June 16th - Tupac Shakur is born
August 23rd - On August 23, 1971, a Queens, New York, bank was robbed. While the names of none of the others were given, a woman in the picture was identified in large print as JoAnne Chesimard. The same poster was used in full-page ads, prominently inserted between important newspaper stories and paid for by the New York Clearing house association, a bank conglomerate. Following this Assata goes underground with the BLA.
1973
May 2nd 1973 - New Jersey Turnpike incident. One state trooper, Werner Forester, and Zayd Shakur were killed in the incident; Shakur herself was seriously wounded.
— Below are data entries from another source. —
(* Let $d\ge2$ and let $\sigma,\gamma$ satisfy $$\sigma\in(\max\{-d,-3\},0)\setminus\{-2,-d/2\},\qquad \gamma-d-1\ge\sigma.$$ Then there exist $k>0$ and $b>0$ such that the set $$\mathcal M=\{\psi:\mathbb R^d\to\mathbb R \text{ measurable}:\ |\psi(\eta)|<k|\eta|^\sigma e^{-b|\eta|}\ \text{for all }\eta\}$$ is invariant under the azimuthal renormalization operator $\mathcal R_\beta$ for every $\beta\in(0,1)$.
   Context: Spherical coordinates on $\mathbb R^d$: $\eta=(|\eta|,\hat\eta_1,\dots,\hat\eta_{d-1})$, polar angles $\hat\eta_1,\dots,\hat\eta_{d-2}$, azimuthal angle $\hat\eta_{d-1}$. Let $c=\gamma-d-1$. For $\beta\in(0,1)$ the azimuthal renormalization operator on scalar $\psi$ is $$\mathcal R_\beta[\psi](\eta)=\beta^{c}e^{|\eta|^\gamma(1-\beta^{-\gamma})}\psi(\eta/\beta)+\gamma\int_1^{1/\beta}\frac{e^{|\eta|^\gamma(1-t^\gamma)}\,|\eta|\prod_{k=1}^{d-2}\sin\hat\eta_k}{t^{c}}\int_{\mathbb R^d}\psi(x)\,\psi(\eta t-x)\cos\hat x_{d-1}\,\sin\widehat{(\eta t-x)}_{d-1}\,dx\,dt,$$ with azimuthal angles $\hat x_{d-1}$, $\widehat{(\eta t-x)}_{d-1}$ measured relative to that of $\eta$ and empty product $=1$ for $d=2$. *)

theory Defs
  imports "HOL-Analysis.Analysis"
begin

text \<open>Spherical coordinates on R^d, d = CARD('n).  The coordinates of x are
  ordered by an enumeration e of the index type: e 0, ..., e (d-1) correspond to
  x_1, ..., x_d.  Standard convention:
  x_1 = r cos th_1, x_2 = r sin th_1 cos th_2, ...,
  x_{d-1} = r sin th_1 ... sin th_{d-2} cos th_{d-1},
  x_d = r sin th_1 ... sin th_{d-2} sin th_{d-1}.\<close>

definition sph_tail :: "(nat \<Rightarrow> 'n::finite) \<Rightarrow> real^'n \<Rightarrow> nat \<Rightarrow> real" where
  "sph_tail e x k = sqrt (\<Sum>m\<in>{k..<CARD('n)}. (x $ e m)^2)"

text \<open>Polar angle th_k, for k = 1, ..., d-2 (values in [0, pi]).\<close>
definition polar_angle :: "(nat \<Rightarrow> 'n::finite) \<Rightarrow> real^'n \<Rightarrow> nat \<Rightarrow> real" where
  "polar_angle e x k = arccos (x $ e (k - 1) / sph_tail e x (k - 1))"

definition azimuthal_angle :: "(nat \<Rightarrow> 'n::finite) \<Rightarrow> real^'n \<Rightarrow> real" where
  "azimuthal_angle e x = Arg (Complex (x $ e (CARD('n) - 2)) (x $ e (CARD('n) - 1)))"

definition renorm_op ::
  "(nat \<Rightarrow> 'n::finite) \<Rightarrow> real \<Rightarrow> real \<Rightarrow> (real^'n \<Rightarrow> real) \<Rightarrow> real^'n \<Rightarrow> real" where
  "renorm_op e \<gamma> \<beta> \<psi> \<eta> =
     (let c = \<gamma> - real CARD('n) - 1 in
       \<beta> powr c * exp (norm \<eta> powr \<gamma> * (1 - \<beta> powr (-\<gamma>))) * \<psi> ((1 / \<beta>) *\<^sub>R \<eta>)
     + \<gamma> * (LBINT t=1..1/\<beta>.
          exp (norm \<eta> powr \<gamma> * (1 - t powr \<gamma>)) * norm \<eta>
            * (\<Prod>k\<in>{1..CARD('n) - 2}. sin (polar_angle e \<eta> k)) / t powr c
          * (\<integral>x. \<psi> x * \<psi> (t *\<^sub>R \<eta> - x)
                 * cos (azimuthal_angle e x - azimuthal_angle e \<eta>)
                 * sin (azimuthal_angle e (t *\<^sub>R \<eta> - x) - azimuthal_angle e \<eta>) \<partial>lborel)))"
lemma has_sum_qconnector_div_qint:
  assumes q: "0 < q" "q < 1" and b: "0 < b" "b \<le> m"
  shows "((\<lambda>a. qconnector q a b / qint q (real a))
          has_sum (\<Sum>c<b. qconnector q m c) / qint q (real b)) {m<..}"
proof -
  define e where "e = (\<lambda>a. qconnector q a 0)"
  have e_has_sum: "(e has_sum infsum e A) A" for A
    using summable_on_qconnector_zero[OF q] by (simp add: e_def summable_iff_has_sum_infsum)
  have shift: "((\<lambda>a. e (a - b)) has_sum infsum e {m - b<..}) {m<..}"
  proof -
    have "bij_betw (\<lambda>a. a - b) {m<..} {m - b<..}"
      by (rule bij_betwI[where g = "\<lambda>a. a + b"]) (use b in auto)
    then show ?thesis using has_sum_reindex_bij_betw[of "\<lambda>a. a - b" "{m<..}" "{m - b<..}" e] e_has_sum
      by simp
  qed
  have "(e has_sum (infsum e {m - b<..} - infsum e {m<..})) ({m - b<..} - {m<..})"
    by (rule has_sum_Diff[OF e_has_sum e_has_sum]) auto
  moreover have "{m - b<..} - {m<..} = {m - b<..m}" by auto
  ultimately have window: "infsum e {m - b<..} - infsum e {m<..} = (\<Sum>a\<in>{m - b<..m}. e a)"
    by (simp add: has_sum_finite_iff)
  have "((\<lambda>a. - e a) has_sum - infsum e {m<..}) {m<..}"
    using e_has_sum by (simp add: has_sum_uminus)
  from has_sum_divide_const[OF has_sum_add[OF shift this]]
  have "((\<lambda>a. (e (a - b) - e a) / qint q (real b))
      has_sum (\<Sum>a\<in>{m - b<..m}. e a) / qint q (real b)) {m<..}"
    by (simp add: window[symmetric])
  moreover have "(\<Sum>a\<in>{m - b<..m}. e a) = (\<Sum>c<b. qconnector q m c)"
    by (rule sum.reindex_bij_witness[where i = "\<lambda>c. m - c" and j = "\<lambda>a. m - a"])
      (use b in \<open>auto simp: e_def qconnector_def\<close>)
  moreover have "((\<lambda>a. qconnector q a b / qint q (real a)) has_sum S) {m<..}
      \<longleftrightarrow> ((\<lambda>a. (e (a - b) - e a) / qint q (real b)) has_sum S) {m<..}" for S
    using q b by (intro has_sum_cong) (simp add: qconnector_div_qint e_def)
  ultimately show ?thesis by simp
qed
(* Let $x_1\in(0,1)$ and define $x_{n+1}=\frac{(1+x_n)^2}{4}$ for $n\ge1$. Then $\sum_{n\ge1}n(x_{n+1}-x_n)=+\infty$. *)

theory Defs
  imports "HOL-Analysis.Analysis"
begin

end

theory Submission
  imports Defs
begin

text \<open>With \<open>y\<^sub>n = 1 - x\<^sub>n\<close> the recursion becomes \<open>y\<^sub>n\<^sub>+\<^sub>1 = y\<^sub>n - y\<^sub>n\<^sup>2/4\<close>, and
  \<open>x\<^sub>n\<^sub>+\<^sub>1 - x\<^sub>n = y\<^sub>n\<^sup>2/4\<close>. Since \<open>y \<mapsto> y - y\<^sup>2/4\<close> is increasing on \<open>[0, 2]\<close> and maps
  \<open>c/n\<close> above \<open>c/(n+1)\<close>, induction gives \<open>y\<^sub>n \<ge> y\<^sub>1/n\<close>. Hence the \<open>n\<close>-th term of the
  series is at least \<open>y\<^sub>1\<^sup>2/(4n)\<close>, and the series diverges like the harmonic series.\<close>

lemma decrement_square_mono:
  fixes y z :: real
  assumes "0 \<le> z" "z \<le> y" "y \<le> 2"
  shows "z - z\<^sup>2/4 \<le> y - y\<^sup>2/4"
proof -
  have "y\<^sup>2 - z\<^sup>2 = (y - z) * (y + z)"
    by (simp add: power2_eq_square algebra_simps)
  also have "\<dots> \<le> (y - z) * 4"
    using assms by (intro mult_left_mono) auto
  finally show ?thesis by simp
qed

lemma decrement_square_le_one:
  fixes y :: real
  shows "y - y\<^sup>2/4 \<le> 1"
proof -
  have "y - y\<^sup>2/4 = 1 - (1 - y/2)\<^sup>2"
    by (simp add: power2_eq_square algebra_simps)
  then show ?thesis by simp
qed

lemma decrement_square_inverse_nat:
  fixes c :: real
  assumes "0 \<le> c" "c \<le> 2" "n \<ge> 1"
  shows "c / real (Suc n) \<le> c / real n - (c / real n)\<^sup>2/4"
proof -
  have n: "real n \<ge> 1" using assms(3) by simp
  have "c * (real n + 1) \<le> 2 * (real n + 1)"
    using assms(2) by (intro mult_right_mono) auto
  also have "\<dots> \<le> 4 * real n"
    using n by simp
  finally have "c * (c * (real n + 1)) \<le> c * (4 * real n)"
    using assms(1) by (rule mult_left_mono)
  then show ?thesis
    using n by (simp add: field_simps power2_eq_square)
qed

lemma decrement_square_iteration_ge_inverse:
  fixes y :: "nat \<Rightarrow> real"
  assumes "0 \<le> y 1" "y 1 \<le> 2"
    and step: "\<And>n. n \<ge> 1 \<Longrightarrow> y (Suc n) = y n - (y n)\<^sup>2/4"
    and "n \<ge> 1"
  shows "y 1 / real n \<le> y n \<and> y n \<le> 2"
  using \<open>n \<ge> 1\<close>
proof (induction n rule: dec_induct)
  case base
  then show ?case using assms(2) by simp
next
  case (step n)
  have "y 1 / real n - (y 1 / real n)\<^sup>2/4 \<le> y n - (y n)\<^sup>2/4"
    using step.IH assms(1) by (intro decrement_square_mono) auto
  then have "y 1 / real (Suc n) \<le> y (Suc n)"
    using decrement_square_inverse_nat[OF assms(1,2) step.hyps(1)] assms(3)[OF step.hyps(1)]
    by linarith
  moreover have "y (Suc n) \<le> 2"
    using decrement_square_le_one[of "y n"] assms(3)[OF step.hyps(1)] by linarith
  ultimately show ?case by blast
qed

lemma sum_diverges_if_ge_harmonic:
  fixes f :: "nat \<Rightarrow> real"
  assumes "0 < a" and "\<And>n. n \<ge> 1 \<Longrightarrow> a / real n \<le> f n"
  shows "filterlim (\<lambda>N. \<Sum>n=1..N. f n) at_top sequentially"
proof (rule filterlim_at_top_mono)
  show "filterlim (\<lambda>N. a * harm N) at_top sequentially"
    using assms(1) by (intro filterlim_tendsto_pos_mult_at_top[OF tendsto_const _ harm_at_top])
  show "\<forall>\<^sub>F N in sequentially. a * harm N \<le> (\<Sum>n=1..N. f n)"
  proof (intro always_eventually allI)
    fix N
    have "a * harm N = (\<Sum>n=1..N. a / real n)"
      by (simp add: harm_def sum_distrib_left divide_inverse)
    also have "\<dots> \<le> (\<Sum>n=1..N. f n)"
      by (intro sum_mono assms(2)) auto
    finally show "a * harm N \<le> (\<Sum>n=1..N. f n)" .
  qed
qed

theorem lemma5p1:
  fixes x :: "nat \<Rightarrow> real"
  assumes "0 < x 1" and "x 1 < 1"
    and "\<And>n. n \<ge> 1 \<Longrightarrow> x (n + 1) = (1 + x n)^2 / 4"
  shows "filterlim (\<lambda>N. \<Sum>n=1..N. real n * (x (n + 1) - x n)) at_top sequentially"
proof -
  define y where "y n = 1 - x n" for n
  have increment: "x (n + 1) - x n = (y n)\<^sup>2/4" if "n \<ge> 1" for n
    using assms(3)[OF that] by (simp add: y_def power2_eq_square field_simps)
  have "y (Suc n) = y n - (y n)\<^sup>2/4" if "n \<ge> 1" for n
    using increment[OF that] by (simp add: y_def)
  then have y_ge: "y 1 / real n \<le> y n" if "n \<ge> 1" for n
    using decrement_square_iteration_ge_inverse[of y n] assms(1,2) that
    by (simp add: y_def)
  show ?thesis
  proof (rule sum_diverges_if_ge_harmonic)
    show "0 < (y 1)\<^sup>2/4" using assms(2) by (simp add: y_def)
    fix n :: nat
    assume n: "n \<ge> 1"
    have "(y 1 / real n)\<^sup>2 \<le> (y n)\<^sup>2"
      using y_ge[OF n] assms(2) by (intro power_mono) (auto simp: y_def)
    then have "(y 1)\<^sup>2/4 / real n \<le> real n * ((y n)\<^sup>2/4)"
      using n by (simp add: field_simps power2_eq_square)
    then show "(y 1)\<^sup>2/4 / real n \<le> real n * (x (n + 1) - x n)"
      by (simp only: increment[OF n])
  qed
qed

end
lemma gram_self: "gram u n i i = (\<Sum>k=1..n. (u i k)\<^sup>2)"
  unfolding gram_def by (simp add: power2_eq_square)

lemma sum_gram_nonneg: "0 \<le> (\<Sum>x\<in>A. \<Sum>y\<in>A. gram u n x y)"
proof -
  have "0 \<le> (\<Sum>k=1..n. (\<Sum>x\<in>A. u x k)\<^sup>2)" by (rule sum_nonneg) simp
  also have "\<dots> = (\<Sum>x\<in>A. \<Sum>y\<in>A. gram u n x y)"
    unfolding gram_def power2_eq_square sum_product
    by (subst sum.swap, rule sum.cong, simp, subst sum.swap, simp)
  finally show ?thesis .
qed

lemma gram_triangle_nonneg:
  "0 \<le> gram u n x x + gram u n a a + gram u n b b
         + 2 * gram u n x a + 2 * gram u n x b + 2 * gram u n a b"
proof -
  have "0 \<le> (\<Sum>k=1..n. (u x k + u a k + u b k)\<^sup>2)" by (rule sum_nonneg) simp
  then show ?thesis
    unfolding gram_def by (simp add: power2_eq_square algebra_simps sum.distrib sum_distrib_left)
qed

lemma regular_triangle_bound:
  fixes W :: "nat \<Rightarrow> nat \<Rightarrow> bool" and v :: "nat \<Rightarrow> nat"
  assumes "finite B" and W_sym: "\<And>a b. W a b = W b a"
    and W_reg: "\<And>a. a \<in> B \<Longrightarrow> card {b\<in>B. W a b} = d"
    and unit: "\<And>i. i \<in> A \<union> v ` B \<Longrightarrow> gram u n i i = 1"
  shows "0 \<le> 3 * real (card A) * real d * real (card B)
     + 4 * real d * (\<Sum>x\<in>A. \<Sum>a\<in>B. gram u n x (v a))
     + 2 * real (card A) * (\<Sum>a\<in>B. \<Sum>b\<in>B. if W a b then gram u n (v a) (v b) else 0)"
proof -
  let ?G = "gram u n"
  have first: "(\<Sum>b\<in>B. if W a b then 3 + 2 * ?G x (v a) else 0) = real d * (3 + 2 * ?G x (v a))"
    if "a \<in> B" for x a
    using sum_regular_neighbours[of B W a d] \<open>finite B\<close> W_reg[OF that] by blast
  have second: "(\<Sum>a\<in>B. \<Sum>b\<in>B. if W a b then 2 * ?G x (v b) else 0)
      = (\<Sum>b\<in>B. real d * (2 * ?G x (v b)))" for x
  proof -
    have "(\<Sum>a\<in>B. \<Sum>b\<in>B. if W a b then 2 * ?G x (v b) else 0)
        = (\<Sum>b\<in>B. \<Sum>a\<in>B. if W b a then 2 * ?G x (v b) else 0)"
      by (subst sum.swap) (simp add: W_sym)
    also have "\<dots> = (\<Sum>b\<in>B. real d * (2 * ?G x (v b)))"
      using sum_regular_neighbours[of B W _ d] \<open>finite B\<close> W_reg by (intro sum.cong) auto
    finally show ?thesis .
  qed
  have "0 \<le> (\<Sum>x\<in>A. \<Sum>a\<in>B. \<Sum>b\<in>B. if W a b then ?G x x + ?G (v a) (v a) + ?G (v b) (v b)
             + 2 * ?G x (v a) + 2 * ?G x (v b) + 2 * ?G (v a) (v b) else 0)"
    by (intro sum_nonneg) (simp add: gram_triangle_nonneg)
  also have "\<dots> = (\<Sum>x\<in>A. \<Sum>a\<in>B. \<Sum>b\<in>B. (if W a b then 3 + 2 * ?G x (v a) else 0)
        + (if W a b then 2 * ?G x (v b) else 0) + (if W a b then 2 * ?G (v a) (v b) else 0))"
    using unit by (intro sum.cong refl) auto
  also have "\<dots> = (\<Sum>x\<in>A. \<Sum>a\<in>B. real d * (3 + 2 * ?G x (v a)))
       + (\<Sum>x\<in>A. \<Sum>b\<in>B. real d * (2 * ?G x (v b)))
       + real (card A) * (\<Sum>a\<in>B. \<Sum>b\<in>B. if W a b then 2 * ?G (v a) (v b) else 0)"
    by (simp add: sum.distrib first second)
  also have "\<dots> = 3 * real (card A) * real d * real (card B)
     + 4 * real d * (\<Sum>x\<in>A. \<Sum>a\<in>B. ?G x (v a))
     + 2 * real (card A) * (\<Sum>a\<in>B. \<Sum>b\<in>B. if W a b then ?G (v a) (v b) else 0)"
    by (simp add: sum.distrib sum_distrib_left algebra_simps if_distrib[of "\<lambda>t. 2 * t"] cong: if_cong)
  finally show ?thesis .
qed
text \<open>Both gradients differentiate \<open>U\<close> along the line \<open>r + t (g\<^sub>1 - g\<^sub>2)\<close>, which lies in \<open>H1\<close>;
  hence \<open>(g\<^sub>1 - g\<^sub>2) \<bullet> (g\<^sub>1 - g\<^sub>2) = 0\<close>.\<close>
lemma H0_gradient_unique:
  fixes U :: "real^'d \<Rightarrow> real"
  assumes r: "r \<in> H1" and g: "g1 \<in> H0" "g2 \<in> H0"
    and d1: "(U has_derivative (\<lambda>v. g1 \<bullet> v)) (at r within H1)"
    and d2: "(U has_derivative (\<lambda>v. g2 \<bullet> v)) (at r within H1)"
  shows "g1 = g2"
proof -
  define v where "v = g1 - g2"
  have v: "(\<Sum>i\<in>UNIV. v$i) = 0" using g unfolding v_def H0_def by (simp add: sum_subtractf)
  define p where "p = (\<lambda>t::real. r + t *\<^sub>R v)"
  have p: "(p has_derivative (\<lambda>t. t *\<^sub>R v)) (at 0)"
    unfolding p_def by (auto intro!: derivative_eq_intros)
  have line: "range p \<subseteq> H1"
    using r v by (auto simp: p_def H1_def sum.distrib sum_distrib_left[symmetric])
  have p0: "p 0 = r" by (simp add: p_def)
  have "(U has_derivative (\<lambda>v. g1 \<bullet> v)) (at (p 0) within range p)"
    using has_derivative_subset[OF d1 line] p0 by simp
  moreover have "(U has_derivative (\<lambda>v. g2 \<bullet> v)) (at (p 0) within range p)"
    using has_derivative_subset[OF d2 line] p0 by simp
  ultimately have "(\<lambda>t. g1 \<bullet> (t *\<^sub>R v)) = (\<lambda>t. g2 \<bullet> (t *\<^sub>R v))"
    by (intro has_derivative_unique[OF has_derivative_in_compose[OF p] has_derivative_in_compose[OF p]])
  then have "g1 \<bullet> v = g2 \<bullet> v" by (metis scaleR_one)
  then have "v \<bullet> v = 0" unfolding v_def by (simp add: inner_diff_left)
  then show ?thesis unfolding v_def by simp
qed

lemma grad_eqI:
  assumes "openin (top_of_set H1) A" "r \<in> A" "g \<in> H0"
    and "(f has_derivative (\<lambda>v. g \<bullet> v)) (at r within A)"
  shows "grad f r = g"
  unfolding grad_def
proof (rule the_equality)
  have "A \<subseteq> H1" using openin_imp_subset[OF assms(1)] by simp
  then have r: "r \<in> H1" using assms(2) by blast
  have d: "(f has_derivative (\<lambda>v. g \<bullet> v)) (at r within H1)"
    using has_derivative_within_openin_H1 assms by blast
  then show "g \<in> H0 \<and> (f has_derivative (\<bullet>) g) (at r within H1)" using assms(3) by simp
  fix g' assume "g' \<in> H0 \<and> (f has_derivative (\<bullet>) g') (at r within H1)"
  then show "g' = g" using H0_gradient_unique[OF r _ assms(3) _ d] by blast
qed

lemma has_derivative_within_H1_cong:
  assumes d: "(f has_derivative (\<lambda>v. g \<bullet> v)) (at r within A)"
    and A: "A \<subseteq> H1" and r: "r \<in> H1"
    and eq: "\<And>v. v \<in> H0 \<Longrightarrow> g \<bullet> v = g' \<bullet> v"
  shows "(f has_derivative (\<lambda>v. g' \<bullet> v)) (at r within A)"
proof -
  have "\<forall>\<^sub>F y in at r within A. (1 / norm (y - r)) *\<^sub>R (f y - (f r + g \<bullet> (y - r)))
      = (1 / norm (y - r)) *\<^sub>R (f y - (f r + g' \<bullet> (y - r)))"
    unfolding eventually_at_filter
    using A r eq H1_diff_in_H0 by (intro always_eventually) auto
  from tendsto_cong[OF this] show ?thesis
    using d bounded_linear_inner_right[of g'] by (simp add: has_derivative_within)
qed

definition proj_H0 :: "real^'d \<Rightarrow> real^'d" where
  "proj_H0 v = v - ((\<Sum>i\<in>UNIV. v$i) / real CARD('d)) *\<^sub>R (\<chi> i. 1)"

lemma proj_H0_in_H0: "proj_H0 v \<in> H0"
  by (simp add: proj_H0_def H0_def sum_subtractf)

lemma inner_proj_H0:
  assumes "w \<in> H0"
  shows "proj_H0 v \<bullet> w = v \<bullet> w"
proof -
  have "(\<Sum>i\<in>UNIV. (\<Sum>j\<in>UNIV. v$j) / real CARD('d) * w$i)
      = (\<Sum>j\<in>UNIV. v$j) / real CARD('d) * (\<Sum>i\<in>UNIV. w$i)"
    by (rule sum_distrib_left[symmetric])
  then have "(\<Sum>i\<in>UNIV. (\<Sum>j\<in>UNIV. v$j) / real CARD('d) * w$i) = 0"
    using assms by (simp add: H0_def)
  then show ?thesis
    by (simp add: proj_H0_def inner_vec_def left_diff_distrib sum_subtractf)
qed

lemma continuous_on_proj_H0: "continuous_on A g \<Longrightarrow> continuous_on A (\<lambda>r. proj_H0 (g r))"
  unfolding proj_H0_def by (intro continuous_intros) auto

lemma C1_on_if_continuous_gradient:
  fixes U :: "real^'d \<Rightarrow> real"
  assumes A: "openin (top_of_set H1) A" "S \<subseteq> A"
    and g: "continuous_on A g"
    and d: "\<And>r. r \<in> A \<Longrightarrow> (U has_derivative (\<lambda>v. g r \<bullet> v)) (at r within A)"
  shows "C1_on S U" and "r \<in> A \<Longrightarrow> v \<in> H0 \<Longrightarrow> grad U r \<bullet> v = g r \<bullet> v"
proof -
  have AH1: "A \<subseteq> H1" using openin_imp_subset[OF A(1)] by simp
  have dproj: "(U has_derivative (\<lambda>v. proj_H0 (g r) \<bullet> v)) (at r within A)" if "r \<in> A" for r
    by (rule has_derivative_within_H1_cong[OF d[OF that] AH1]) (use that AH1 in \<open>auto simp: inner_proj_H0\<close>)
  show "C1_on S U"
    unfolding C1_on_def
    by (intro exI[of _ A] exI[of _ "\<lambda>r. proj_H0 (g r)"])
      (use A dproj proj_H0_in_H0 continuous_on_proj_H0[OF g] in blast)
  show "grad U r \<bullet> v = g r \<bullet> v" if "r \<in> A" "v \<in> H0"
    using grad_eqI[OF A(1) that(1) proj_H0_in_H0 dproj[OF that(1)]] inner_proj_H0[OF that(2)] by simp
qed

lemma C1_on_common_domain:
  assumes "\<forall>x::'i::finite. C1_on S (K x)"
  obtains A DK where "openin (top_of_set H1) A" "S \<subseteq> A"
    "\<And>x r. r \<in> A \<Longrightarrow> DK x r \<in> H0 \<and> (K x has_derivative (\<lambda>v. DK x r \<bullet> v)) (at r within A)"
    "\<And>x. continuous_on A (DK x)"
proof -
  obtain AK DK where AK: "\<And>x. openin (top_of_set H1) (AK x)" "\<And>x. S \<subseteq> AK x"
      "\<And>x r. r \<in> AK x \<Longrightarrow> DK x r \<in> H0 \<and> (K x has_derivative (\<lambda>v. DK x r \<bullet> v)) (at r within AK x)"
      "\<And>x. continuous_on (AK x) (DK x)"
    using assms unfolding C1_on_def by metis
  define A where "A = (\<Inter>x. AK x)"
  have sub: "A \<subseteq> AK x" for x unfolding A_def by blast
  show thesis
  proof
    show "openin (top_of_set H1) A" unfolding A_def by (rule openin_INT2) (use AK in auto)
    show "S \<subseteq> A" unfolding A_def using AK(2) by blast
    show "DK x r \<in> H0 \<and> (K x has_derivative (\<lambda>v. DK x r \<bullet> v)) (at r within A)" if "r \<in> A" for x r
      using AK(3)[of r x] has_derivative_subset[of _ _ r "AK x" A] sub that by blast
    show "continuous_on A (DK x)" for x using continuous_on_subset[OF AK(4) sub] .
  qed
qed

text \<open>The Euclidean gradient of \<open>r \<mapsto> \<Sum>\<^sub>z F\<^sub>z(r\<^sub>z) + K\<^sub>z(r) r\<^sub>z\<close> with \<open>F\<^sub>z' = f\<^sub>z\<close> and \<open>\<nabla>K\<^sub>z = DK\<^sub>z\<close>.\<close>
definition potential_grad ::
    "('d \<Rightarrow> real \<Rightarrow> real) \<Rightarrow> ('d \<Rightarrow> real^'d \<Rightarrow> real) \<Rightarrow> ('d \<Rightarrow> real^'d \<Rightarrow> real^'d) \<Rightarrow> real^'d \<Rightarrow> real^'d" where
  "potential_grad f K DK r = (\<chi> i. f i (r$i) + K i r + (\<Sum>z\<in>UNIV. r$z * DK z r $ i))"

lemma has_derivative_potential:
  assumes F: "\<And>z. (F z has_real_derivative f z (r$z)) (at (r$z))"
    and K: "\<And>z. (K z has_derivative (\<lambda>v. DK z r \<bullet> v)) (at r within A)"
  shows "((\<lambda>r. \<Sum>z\<in>UNIV. F z (r$z) + K z r * r$z) has_derivative
      (\<lambda>v. potential_grad f K DK r \<bullet> v)) (at r within A)"
proof -
  have F': "((\<lambda>r. F z (r$z)) has_derivative (\<lambda>v. f z (r$z) * v$z)) (at r within A)" for z
    using has_derivative_compose[OF bounded_linear_imp_has_derivative[OF bounded_linear_vec_nth[of z]]
        has_field_derivative_imp_has_derivative[OF F]] .
  have K': "((\<lambda>r. K z r * r$z) has_derivative (\<lambda>v. K z r * v$z + (DK z r \<bullet> v) * r$z)) (at r within A)" for z
    using has_derivative_mult[OF K bounded_linear_imp_has_derivative[OF bounded_linear_vec_nth[of z]]]
    by simp
  have swap: "(\<Sum>z\<in>UNIV. r$z * (\<Sum>i\<in>UNIV. v$i * DK z r $ i))
      = (\<Sum>i\<in>UNIV. v$i * (\<Sum>z\<in>UNIV. r$z * DK z r $ i))" for v
  proof -
    have "(\<Sum>z\<in>UNIV. r$z * (\<Sum>i\<in>UNIV. v$i * DK z r $ i))
        = (\<Sum>z\<in>UNIV. \<Sum>i\<in>UNIV. v$i * (r$z * DK z r $ i))"
      by (simp add: sum_distrib_left mult.left_commute)
    also have "\<dots> = (\<Sum>i\<in>UNIV. \<Sum>z\<in>UNIV. v$i * (r$z * DK z r $ i))"
      by (rule sum.swap)
    finally show ?thesis by (simp add: sum_distrib_left)
  qed
  show ?thesis
    by (rule has_derivative_eq_rhs[OF has_derivative_sum[OF has_derivative_add[OF F' K']]])
      (simp add: fun_eq_iff potential_grad_def inner_vec_def sum.distrib algebra_simps swap)
qed

lemma continuous_on_potential_grad:
  assumes "\<And>i. continuous_on UNIV (f i)"
    and "\<And>i. continuous_on A (K i)" and "\<And>i. continuous_on A (DK i)"
  shows "continuous_on A (potential_grad f K DK)"
proof -
  have "continuous_on A (\<lambda>r. f i (r$i))" for i
    using continuous_on_compose2[OF assms(1) continuous_on_component[OF continuous_on_id]] by auto
  then show ?thesis
    unfolding potential_grad_def
    by (intro continuous_on_vec_lambda continuous_intros continuous_on_component assms)
qed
Assata and Sundiata apprehended
July 20th, 1973, Assata Shakur was arraigned on the Queens bank robbery charges. (The actual trial would not begin until January 5th, 1976, and would last a mere 11 days, ending in acquittal on January 16th, 1976.)
August 1st, 1973, she was arraigned on the Bronx bank robbery charges. This trial would again be a relatively brief one, dating from December 3rd to 14th, 1973, resulting in a hung jury; the prosecution insisted on an immediate retrial, which was held from December 19th to the 28th, 1973, and this trial resulted in an acquittal
The original trial for the New Jersey Turnpike incident began on October 9th, 1973. Due to the fact that the jury was overwhelmingly sympathetic to the prosecution, it quickly came to a close when a defense request for a change of venue was granted on October 23rd, 1973.
1974
The trial for the New Jersey Turnpike incident resumed again on January 1st, 1974, and would continue for one month, until February 1st, 1974, when a mistrial was called in light of Assata’s pregnancy.
Assata was arraigned on the charges of attempted murder of the policemen on May 11th, 1974, and the murder of the drug dealer on May 29th, 1974, these cases would be dismissed before they got to trial.
May 30th, 1974, Assata Shakur was arraigned on the charges of kidnapping a drug dealer.